Hello Hannie

One of Australia’s best-loved playwrights, Hannie Rayson, has a deep connection to the Mornington Peninsula, and now comes back to her old stamping ground with her one woman show, Hello, Beautiful!

Rayson talks to Peninsula Essence about her wonderful, not-so-average life as a writer.

How did your connection to the peninsula come about?

The connection is twofold.  My parents lived in Mornington during the last part of my  father’s life and the family used to go to Sorrento for holidays when I was a child in the 1960’s.

I also got married in Sorrento We had a romantic wedding  as it is such a special place for me. My husband Michael, who loves directing theatre, worked out with me how it should be. We were walking along the beach one day and he said “You should arrive by boat at dusk. Sail around the point, and then walk down the jetty as though walking down the aisle. We’ll have  singers and their voices will drift across the glassy water as you make your way towards us. We will wait for you here, on the veranda of the tearooms. Then the warm February sun will sink gently into the sea.”

Did that time in Sorrento encourage you to write Hotel Sorrento?

Absolutely. Growing up and holidaying in Sorrento turned out to be the catalyst for my first major work which was Hotel Sorrento. We moved next door to two sisters whose family had settled in 1942 and we became best friends. So I got another sense of Sorrento through them. It is where I learnt to understand about the class divisions in society. I had friends who were clifftop people and friends who were servants, in an upstairs downstairs kind of way.

Did you always want to be a writer?

Not at first. When I went to Melbourne Uni I thought I’d like to be a psychologist.  I had an interest in people’s relationships and the human condition that I liked to look into. Then a fork in the road happened and I got into the Victorian College of the Arts as an actress. Actors are interpreters of the written word and I realised that I didn’t want to be an interpreter. I wanted to be the source of the quotes. I realised the process of sitting at a typewriter was much more suited to me.

How did you make that transition?

There was a wonderful acting class I did called impulse classes and I never had an impulse.
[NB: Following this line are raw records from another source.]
lemma right_span_add: "f \<in> right_span \<Longrightarrow> g \<in> right_span \<Longrightarrow> f + g \<in> right_span"
  and right_span_diff: "f \<in> right_span \<Longrightarrow> g \<in> right_span \<Longrightarrow> f - g \<in> right_span"
proof -
  assume "f \<in> right_span" "g \<in> right_span"
  then obtain c c' where c: "c \<in> CF" "c' \<in> CF" and fg: "f = rsum x n c" "g = rsum x n c'"
    unfolding right_span_def by blast
  have "f + g = rsum x n (\<lambda>\<alpha>. c \<alpha> + c' \<alpha>)" "f - g = rsum x n (\<lambda>\<alpha>. c \<alpha> - c' \<alpha>)"
    using rsum_add[OF coeff_fams_finite[OF c(1)] coeff_fams_finite[OF c(2)]]
      rsum_diff[OF coeff_fams_finite[OF c(1)] coeff_fams_finite[OF c(2)]] fg by simp_all
  with coeff_fams_add[OF c] coeff_fams_diff[OF c]
  show "f + g \<in> right_span" "f - g \<in> right_span"
    unfolding right_span_def by blast+
qed

lemma right_span_monom_mult: "d \<in> D \<Longrightarrow> \<gamma> \<in> E \<Longrightarrow> mon \<gamma> * d \<in> right_span"
  unfolding right_span_def using rsum_single[symmetric] coeff_fams_single by blast

lemma right_span_sum:
  "finite S \<Longrightarrow> (\<And>s. s \<in> S \<Longrightarrow> g s \<in> right_span) \<Longrightarrow> (\<Sum>s\<in>S. g s) \<in> right_span"
  by (induction S rule: finite_induct)
    (auto simp: right_span_add intro: right_span_monom_mult[OF zero_in_D vzero_in_E, simplified])

lemma lsum_lcoeff_expanded: "f = (\<Sum>\<alpha>\<in>{\<alpha>. lc f \<alpha> \<noteq> 0}. lc f \<alpha> * mon \<alpha>)"
  using lsum_lcoeff[of f] unfolding lsum_def by simp

text \<open>Induction along the well-founded order: \<open>d x\<^sup>\<alpha> = x\<^sup>\<alpha> c - g\<close> with \<open>g\<close> supported strictly
  below \<open>\<alpha>\<close>.\<close>

lemma in_right_span:
  assumes surj: "\<And>i. i < n \<Longrightarrow> tw i ` D = D"
  shows "f \<in> right_span"
proof -
  have monom: "d * mon \<alpha> \<in> right_span" if "\<alpha> \<in> E" "d \<in> D" for \<alpha> d
    using that
  proof (induction \<alpha> arbitrary: d rule: wf_induct_rule[OF admissible_wf[OF admissible], case_names less])
    case (less \<alpha>)
    have "moves_scalars_right (mon \<alpha>)"
      by (rule moves_scalars_right_monom[OF surj])
    then obtain c where c: "c \<in> D" "below (mon \<alpha> * c - d * mon \<alpha>) \<alpha>"
      using less.prems lexp_monom unfolding moves_scalars_right_def by auto
    let ?g = "mon \<alpha> * c - d * mon \<alpha>"
    have "(\<Sum>\<beta>\<in>{\<beta>. lc ?g \<beta> \<noteq> 0}. lc ?g \<beta> * mon \<beta>) \<in> right_span"
    proof (rule right_span_sum[OF lcoeff_finite])
      fix \<beta>
      assume "\<beta> \<in> {\<beta>. lc ?g \<beta> \<noteq> 0}"
      then have "\<beta> \<in> E" "le \<beta> \<alpha>" "\<beta> \<noteq> \<alpha>"
        using c(2) lcoeff_in_E unfolding below_def by auto
      then show "lc ?g \<beta> * mon \<beta> \<in> right_span"
        using less.IH less.prems lcoeff_in_D by blast
    qed
    then have "?g \<in> right_span"
      by (simp only: lsum_lcoeff_expanded[of ?g, symmetric])
    then have "mon \<alpha> * c - ?g \<in> right_span"
      by (rule right_span_diff[OF right_span_monom_mult[OF c(1) less.prems(1)]])
    then show ?case
      by simp
  qed
  have "(\<Sum>\<alpha>\<in>{\<alpha>. lc f \<alpha> \<noteq> 0}. lc f \<alpha> * mon \<alpha>) \<in> right_span"
    by (rule right_span_sum[OF lcoeff_finite]) (use monom lcoeff_in_E lcoeff_in_D in blast)
  then show ?thesis
    by (simp only: lsum_lcoeff_expanded[of f, symmetric])
qed

lemma right_polynomial_iff_twists_surj:
  "right_polynomial D x n \<longleftrightarrow> (\<forall>i<n. tw i ` D = D)"
proof
  assume "right_polynomial D x n"
  then show "\<forall>i<n. tw i ` D = D"
    using twist_surj_if_right_polynomial by blast
next
  assume "\<forall>i<n. tw i ` D = D"
  then have "f \<in> right_span" for f
    using in_right_span by blast
  then show "right_polynomial D x n"
    unfolding right_polynomial_def right_span_def using rsum_inject by blast
qed

end

section \<open>The trivial ring\<close>

lemma trivial_ring_right_polynomial:
  assumes "(1::'a::ring_1) = 0" "0 \<in> D"
  shows "right_polynomial D (x :: nat \<Rightarrow> 'a) n"
proof -
  have all_zero: "a = 0" for a :: 'a
    by (metis assms(1) mult_1_right mult_zero_right)
  have "(\<lambda>_. 0) \<in> coeff_fams D n"
    using assms(2) by (simp add: coeff_fams_def)
  then show ?thesis
    unfolding right_polynomial_def using all_zero by (metis ext)
qed

lemma trivial_ring_automorphism_on:
  assumes "(1::'a::ring_1) = 0" "0 \<in> D"
  shows "ring_automorphism_on D (\<sigma> :: 'a \<Rightarrow> 'a)"
proof -
  have all_eq: "a = b" for a b :: 'a
    by (metis assms(1) mult_1_right mult_zero_right)
  then have "D = {0}"
    using assms(2) by blast
  then show ?thesis
    unfolding ring_automorphism_on_def bij_betw_def inj_on_def by (blast intro: all_eq)
qed

theorem mainTheorem12:
  fixes D :: "'a::ring_1 set" and x :: "nat \<Rightarrow> 'a" and n :: nat
    and le :: "(nat \<Rightarrow> nat) \<Rightarrow> (nat \<Rightarrow> nat) \<Rightarrow> bool"
  assumes "left_PBW D x n le"
  shows "right_polynomial D x n \<longleftrightarrow> (\<forall>i<n. ring_automorphism_on D (twist D x n i))"
proof (cases "(1::'a) = 0")
  case True
  moreover have "0 \<in> D"
    using assms unfolding left_PBW_def division_subring_def by blast
  ultimately show ?thesis
    using trivial_ring_right_polynomial trivial_ring_automorphism_on by blast
next
  case False
  then interpret left_PBW_ring D x n le
    using assms by unfold_locales
  show ?thesis
    using right_polynomial_iff_twists_surj twist_automorphism_iff_surj by auto
qed

end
Finally I said I would rather be a writer and my teacher gave me the key to the front room and said ‘’Go and write a play”.  I started at the College of the Arts in 1978 and that beautiful gesture was the catalyst that made me start writing the following year.

What was it like to write Hello Beautiful?

Writing Hello Beautiful was a completely different process. I had spent my life inhabiting other people writing for the theatre and you feel exhausted by it. The book took a year to write which is in the first person. I wrote it in the State Library in the Dome Room.

How do you feel about performing the play onstage?

It’s actually a great experience, as if my life has come full circle from my brief acting days to performing in my own show, and sharing everything from a love letter to Melbourne, told through 43 vignettes. I speak directly to the audience about the experience of seeking out extraordinary moments in the everyday.


Hello, Beautiful! Is at Cube 37 on Wednesday March 15 at 7.30pm.